Living Dead in Dallas
“This is Eric,” I said. “I hope you don’t mind me bringing a friend?”
“Oh, the more the merrier,” she said with undoubted sincerity. Her eyes never rose to Eric’s face. “Eric, what can I get you to drink?”
“Blood?” Eric asked hopefully.
“Yeah, I think I’ve got some O here,” she said, unable to tear her gaze away from the Lycra. “Sometimes we . . . pretend.” She raised her eyebrows significantly, and kind of leered at Eric.
“No need to pretend anymore,” he said, giving her back look for look. On his way to join her at the refrigerator, he managed to stroke Eggs’s shoulder, and Eggs’s face lit up.
Oh. Well, I’d known I’d learn some things. Tara, beside him, was sulking, her dark brows drawn down over dark eyes. Tara was wearing a bra and panties of shrieking red, and she looked pretty good. Her toenails and fingernails were painted so they matched, and so did her lipstick. She’d come prepared. I met her eyes, and she looked away. It didn’t take a mind reader to recognize shame.
Mike Spencer and Cleo Hardaway were on a dilapidated couch against the left-hand wall. The whole cottage, basically one large room with a sink and stove against the right-hand wall and a walled-in bathroom in the far corner, was furnished in cast-offs, because in Bon Temps that was what you did with your old furniture. However, most lake cabins would not have featured such a thick soft rug and such a lot of pillows tossed around at random, and there would not have been such thick shades drawn at all the windows. Plus, the knickknacks strewn around on that soft rug were simply nasty. I didn’t even know what some of them were.
But I pasted a cheerful smile on my face, and hugged Cleo Hardaway, as I usually did when I saw her. Granted, she had always been wearing more clothes when she ran the high school cafeteria. But panties were more than Mike was wearing, which was not a stitch.
Well, I’d known it would be bad, but I guess you just can’t prepare yourself for some sights. Cleo’s huge milk-chocolate brown boobs were glistening with some kind of oil, and Mike’s private parts were equally shiny. I didn’t even want to think about that.
Mike tried to grab my hand, probably to assist with the oil, but I slithered away and edged over to Eggs and Tara.

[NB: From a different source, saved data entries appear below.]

lemma local_homeomorphism_interior_image_imp_continuous_on_open:
  assumes lh: "local_homeomorphism E X p"
    and \<mu>: "\<forall>x\<in>U. p (\<mu> x) = x"
    and interior: "E interior_of (\<mu> ` U) \<noteq> {}"
  shows "\<exists>V. openin X V \<and> V \<noteq> {} \<and> V \<subseteq> U \<and> continuous_map (subtopology X V) E \<mu>"
proof -
  obtain e where e: "e \<in> E interior_of (\<mu> ` U)"
    using interior by blast
  then have "e \<in> topspace E"
    using interior_of_subset_topspace[of E "\<mu> ` U"] by blast
  then obtain W g where W: "openin E W" "e \<in> W"
    and open_image: "\<And>S. openin E S \<Longrightarrow> S \<subseteq> W \<Longrightarrow> openin X (p ` S)"
    and g: "continuous_map (subtopology X (p ` W)) E g"
    and g_inverse: "\<And>e'. e' \<in> W \<Longrightarrow> g (p e') = e'"
    using local_homeomorphism_local_inverse[OF lh] by blast
  define S where "S = E interior_of (\<mu> ` U) \<inter> W"
  have "openin E S" and "S \<subseteq> W" and "e \<in> S"
    using W e by (auto simp: S_def)
  have in_image: "p e' \<in> U \<and> \<mu> (p e') = e'" if "e' \<in> S" for e'
    using that interior_of_subset[of E "\<mu> ` U"] \<mu> by (auto simp: S_def)
  have "continuous_map (subtopology X (p ` S)) E g"
    using continuous_map_from_subtopology_mono[OF g] \<open>S \<subseteq> W\<close> by blast
  moreover have "g y = \<mu> y" if "y \<in> topspace (subtopology X (p ` S))" for y
    using that in_image g_inverse \<open>S \<subseteq> W\<close> by auto
  ultimately have "continuous_map (subtopology X (p ` S)) E \<mu>"
    using continuous_map_eq by blast
  moreover have "openin X (p ` S)"
    using open_image \<open>openin E S\<close> \<open>S \<subseteq> W\<close> by blast
  ultimately show ?thesis
    using in_image \<open>e \<in> S\<close> by blast
qed

lemma is_section_in_fiber: "is_section X E p U \<sigma> \<Longrightarrow> x \<in> U \<Longrightarrow> \<sigma> x \<in> fiber E p x"
  unfolding is_section_def fiber_def
  using continuous_map_image_subset_topspace openin_subset by fastforce

theorem mainTheorem4:
  fixes X :: "'x topology" and E :: "'e topology" and p :: "'e \<Rightarrow> 'x"
    and d :: "'e \<Rightarrow> 'e \<Rightarrow> real"
    and arP :: "'r \<Rightarrow> nat" and P :: "'r \<Rightarrow> 'e list \<Rightarrow> real"
    and arF :: "'f \<Rightarrow> nat" and F :: "'f \<Rightarrow> 'e list \<Rightarrow> 'e"
    and C :: "'c \<Rightarrow> 'x \<Rightarrow> 'e"
    and \<F> :: "'x set set" and U :: "'x set" and \<sigma> :: "nat \<Rightarrow> 'x \<Rightarrow> 'e"
  assumes sheaf: "sheaf_metric_structure X E p d arP P arF F C"
    and filt: "open_filter X \<F>"
    and U: "U \<in> \<F>"
    and sec: "\<And>n. is_section X E p U (\<sigma> n)"
    and cauchy: "\<forall>\<epsilon>>0. \<exists>N. \<forall>m\<ge>N. \<forall>n\<ge>N. rhoF \<F> d U (\<sigma> m) U (\<sigma> n) < \<epsilon>"
  shows "\<exists>\<mu>. (\<forall>x\<in>U. \<mu> x \<in> fiber E p x) \<and>
             (\<lambda>n. rhoF \<F> d U (\<sigma> n) U \<mu>) \<longlonglongrightarrow> 0 \<and>
             (regular_space X \<and> E interior_of (\<mu> ` U) \<noteq> {} \<longrightarrow>
                (\<exists>V. openin X V \<and> V \<noteq> {} \<and> V \<subseteq> U \<and>
                     continuous_map (subtopology X V) E \<mu>))"
proof -
  have lh: "local_homeomorphism E X p"
    using sheaf unfolding sheaf_metric_structure_def by (rule conjunct1)
  have fibers_X: "\<forall>x\<in>topspace X. fiber E p x \<noteq> {} \<and>
        Metric_space (fiber E p x) d \<and> Metric_space.mcomplete (fiber E p x) d \<and>
        (\<forall>a\<in>fiber E p x. \<forall>b\<in>fiber E p x. d a b \<le> 1)"
    using sheaf unfolding sheaf_metric_structure_def by (elim conjE) assumption
  have "openin X U"
    using filt U unfolding open_filter_def by blast
  then have "U \<subseteq> topspace X"
    by (rule openin_subset)
  then have fibers: "\<And>x. x \<in> U \<Longrightarrow> Metric_space (fiber E p x) d \<and>
      Metric_space.mcomplete (fiber E p x) d \<and> (\<forall>a\<in>fiber E p x. \<forall>b\<in>fiber E p x. d a b \<le> 1)"
    using fibers_X[rule_format, OF subsetD[OF \<open>U \<subseteq> topspace X\<close>]] by simp
  obtain \<mu> where \<mu>_in: "\<forall>x\<in>U. \<mu> x \<in> fiber E p x"
    and lim: "(\<lambda>n. rhoF \<F> d U (\<sigma> n) U \<mu>) \<longlonglongrightarrow> 0"
    using rhoF_Cauchy_imp_limit[OF filt U fibers is_section_in_fiber[OF sec] cauchy] by blast
  have "\<forall>x\<in>U. p (\<mu> x) = x"
    using \<mu>_in by (simp add: fiber_def)
  then have "E interior_of (\<mu> ` U) \<noteq> {} \<Longrightarrow>
      \<exists>V. openin X V \<and> V \<noteq> {} \<and> V \<subseteq> U \<and> continuous_map (subtopology X V) E \<mu>"
    by (rule local_homeomorphism_interior_image_imp_continuous_on_open[OF lh])
  with \<mu>_in lim show ?thesis
    by blast
qed

end
(* Let $t$ be a positive integer, let $v$ be a positive integer, let $a_1$ be an invertible element of $\mathbb{Z}_v$ and let $d$ be a divisor of $v$ such that $v\ge d\,t(2t+1)$. Let $W=\{0,a_1,2a_1,\dots,ta_1\}\subseteq\mathbb{Z}_v$ be the set of vertices of the walk $(0,a_1,2a_1,\dots,ta_1)$. Then either $W\cap\{1,2,\dots,dt\}=\emptyset$ or $W\cap\{-1,-2,\dots,-dt\}=\emptyset$ (as subsets of $\mathbb{Z}_v$). *)

theory Defs
  imports Main
begin

end

theory Submission
  imports Defs
begin

text \<open>If \<open>k a \<equiv> i\<close> and \<open>k' a \<equiv> -j (mod v)\<close>, eliminating \<open>a\<close> gives
  \<open>k j + k' i \<equiv> 0 (mod v)\<close>. For \<open>k, k' \<le> t\<close> and \<open>1 \<le> i, j \<le> d t\<close> this number is positive
  (if \<open>k = 0\<close>, then already \<open>i \<equiv> 0\<close> with \<open>0 < i < v\<close>) and at most \<open>2 t (d t) < v\<close>, which is absurd.\<close>

lemma dvd_cross_combination:
  fixes v a x y k l :: "'a::comm_ring_1"
  assumes "v dvd k * a - x" and "v dvd l * a + y"
  shows "v dvd k * y + l * x"
proof -
  have "k * y + l * x = k * (l * a + y) - l * (k * a - x)"
    by (simp add: algebra_simps)
  then show ?thesis
    using assms by (simp add: dvd_diff)
qed

lemma multiples_not_near_both_signs:
  fixes t m v k l i j :: nat and a :: int
  assumes "t > 0" and "2 * t * m < v"
    and "k \<le> t" and "1 \<le> i" and "i \<le> m" and "(int k * a) mod int v = int i mod int v"
    and "l \<le> t" and "1 \<le> j" and "j \<le> m" and "(int l * a) mod int v = (- int j) mod int v"
  shows False
proof -
  have i_dvd: "int v dvd int k * a - int i" and j_dvd: "int v dvd int l * a + int j"
    using assms(6,10) by (simp_all add: mod_eq_dvd_iff)
  have "k > 0"
  proof (rule ccontr)
    assume "\<not> k > 0"
    then have "v dvd i"
      using i_dvd by simp
    moreover have "i < v"
      using assms(1,2,5) by (cases t) auto
    ultimately show False
      using \<open>1 \<le> i\<close> by (simp add: nat_dvd_not_less)
  qed
  have "int v dvd int (k * j + l * i)"
    using dvd_cross_combination[OF i_dvd j_dvd] by simp
  then have "v dvd k * j + l * i"
    by (simp only: of_nat_dvd_iff)
  moreover have "k * j + l * i > 0"
    using \<open>k > 0\<close> \<open>1 \<le> j\<close> by simp
  moreover have "k * j + l * i \<le> t * m + t * m"
    using assms(3-5,7-9) by (intro add_mono mult_le_mono) auto
  ultimately show False
    using assms(2) nat_dvd_not_less by fastforce
qed

theorem lemma3p1:
  fixes t v d :: nat and a1 :: int
  assumes "t > 0" and "v > 0" and "coprime a1 (int v)" and "d dvd v"
    and "v \<ge> d * t * (2 * t + 1)"
  defines "W \<equiv> {(int k * a1) mod int v | k. k \<le> t}"
  shows "W \<inter> {int i mod int v | i. 1 \<le> i \<and> i \<le> d * t} = {}
       \<or> W \<inter> {(- int i) mod int v | i. 1 \<le> i \<and> i \<le> d * t} = {}"
proof (rule ccontr)
  assume "\<not> ?thesis"
  then obtain k i l j where "k \<le> t" "1 \<le> i" "i \<le> d * t"
    "(int k * a1) mod int v = int i mod int v"
    and "l \<le> t" "1 \<le> j" "j \<le> d * t"
    "(int l * a1) mod int v = (- int j) mod int v"
    unfolding W_def by blast
  moreover have "2 * t * (d * t) < v"
  proof -
    have "d > 0"
      using \<open>1 \<le> i\<close> \<open>i \<le> d * t\<close> by (cases d) auto
    then have "2 * t * (d * t) < d * t * (2 * t + 1)"
      using \<open>t > 0\<close> by (simp add: algebra_simps)
    then show ?thesis
      using assms(5) by linarith
  qed
  ultimately show False
    using \<open>t > 0\<close> multiples_not_near_both_signs by blast
qed

end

“I sure never thought you’d come,” Tara said. She was smiling, too, but not real happily. In fact, she looked pretty damn miserable. Maybe the fact that Tom Hardaway was kneeling in front of her smooching up the inside of her leg had something to do with that. Maybe it was Eggs’s obvious interest in Eric. I tried to meet Tara’s eyes, but I felt sick.
I’d only been here five minutes, but I was willing to bet this was the longest five minutes of my life.
“Do you do this real often?” I asked Tara, absurdly. Eggs, his eyes on Eric’s bottom while Eric stood talking at the refrigerator with Jan, began fumbling with the button on my shorts. Eggs had been drinking again. I could smell it. His eyes were glassy and his jaw was slack. “Your friend is really big,” he said, as if his mouth were watering, and maybe it was.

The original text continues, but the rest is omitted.